How to Navigate the New M&A Landscape in the US for German Companies
The difficult economic situation in Germany has driven many companies to seek opportunities abroad, with the United States emerging as a particularly attractive market for mergers and acquisitions (M&A). For German firms, expanding into this market is not just a strategic choice but often a vital step to secure long-term stability and competitiveness also in a new era of global politics and regulation.
Notable examples of this trend are Siemens’ acquisitions of Altair for $10.6 billion in October 2024 and Dotmatics for $5.1 billion in April 2025, a move that underscores the strategic importance of the US market for German companies, in particular with regard to access digital innovation capabilities and AI.
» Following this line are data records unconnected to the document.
lemma (in real_distribution) continuous_cdf_sublevel_eq_atMost:
  assumes cont: "\<And>x. isCont (cdf M) x" and u: "0 < u" "u < 1"
  shows "\<exists>q. cdf M q = u \<and> {x. cdf M x \<le> u} = {..q}"
proof -
  define S where "S = {x. cdf M x \<le> u}"
  have "eventually (\<lambda>x. cdf M x < u) at_bot"
    using cdf_lim_at_bot u by (simp add: order_tendsto_iff)
  then obtain a where "cdf M a < u" by (metis eventually_at_bot_linorder order_refl)
  then have "a \<in> S" by (simp add: S_def)
  then have "S \<noteq> {}" by blast
  have "eventually (\<lambda>x. u < cdf M x) at_top"
    using cdf_lim_at_top_prob u by (simp add: order_tendsto_iff)
  then obtain b where "\<And>x. b \<le> x \<Longrightarrow> u < cdf M x" by (auto simp: eventually_at_top_linorder)
  then have "bdd_above S" unfolding S_def bdd_above_def by (meson linorder_not_le mem_Collect_eq nle_le)
  have "closed S"
    unfolding S_def using cont by (intro closed_Collect_le continuous_at_imp_continuous_on) auto
  define q where "q = Sup S"
  have "q \<in> S" unfolding q_def by (rule closed_contains_Sup) fact+
  have S_le_q: "x \<in> S \<Longrightarrow> x \<le> q" for x unfolding q_def using \<open>bdd_above S\<close> by (metis cSup_upper)
  have "cdf M q = u"
  proof (rule ccontr)
    assume "cdf M q \<noteq> u"
    with \<open>q \<in> S\<close> have "cdf M q < u" by (simp add: S_def)
    then have "eventually (\<lambda>x. cdf M x < u) (at q)"
      using cont[of q] unfolding isCont_def by (simp add: order_tendsto_iff)
    then obtain e where "e > 0" and e: "\<And>x. x \<noteq> q \<Longrightarrow> dist x q < e \<Longrightarrow> cdf M x < u"
      by (auto simp: eventually_at)
    then have "q + e/2 \<in> S" by (auto simp: S_def dist_real_def intro!: less_imp_le)
    with S_le_q \<open>e > 0\<close> show False by fastforce
  qed
  moreover have "S = {..q}"
    using S_le_q \<open>cdf M q = u\<close> cdf_nondecreasing by (auto simp: S_def intro: order_trans)
  ultimately show ?thesis unfolding S_def by blast
qed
Other recent cases include Merck KGaA’s announcement to acquire US biopharma company SpringWorks, T‑Mobile’s plan to acquire UScellular’s wireless operations, and Heidelberg Materials’ acquisition of Giant Cement Holding Inc., a US cement manufacturer, to strengthen Heidelberg’s footprint in the Southeastern US and New England markets.
These high-profile deals highlight a broader trend of German companies leveraging US acquisitions to drive innovation, access new customer bases, and secure long-term growth amid economic challenges at home. As this trend continues, the US is likely to remain a key destination for German firms seeking strategic expansion and transformation.
However, the US M&A landscape comes with unique challenges – particularly for new entrants that have yet to establish a strong US presence or brand awareness. German companies should be prepared to navigate regulatory scrutiny, cultural differences, and the need to engage with a diverse array of stakeholders, all of which require careful navigation. The rapidly changing political and economic environments in the US are influencing valuations, strategies and supply chains, with tariffs and other economic policies creating uncertainty. Missteps can lead to delays, reputational risks, or even deal failures.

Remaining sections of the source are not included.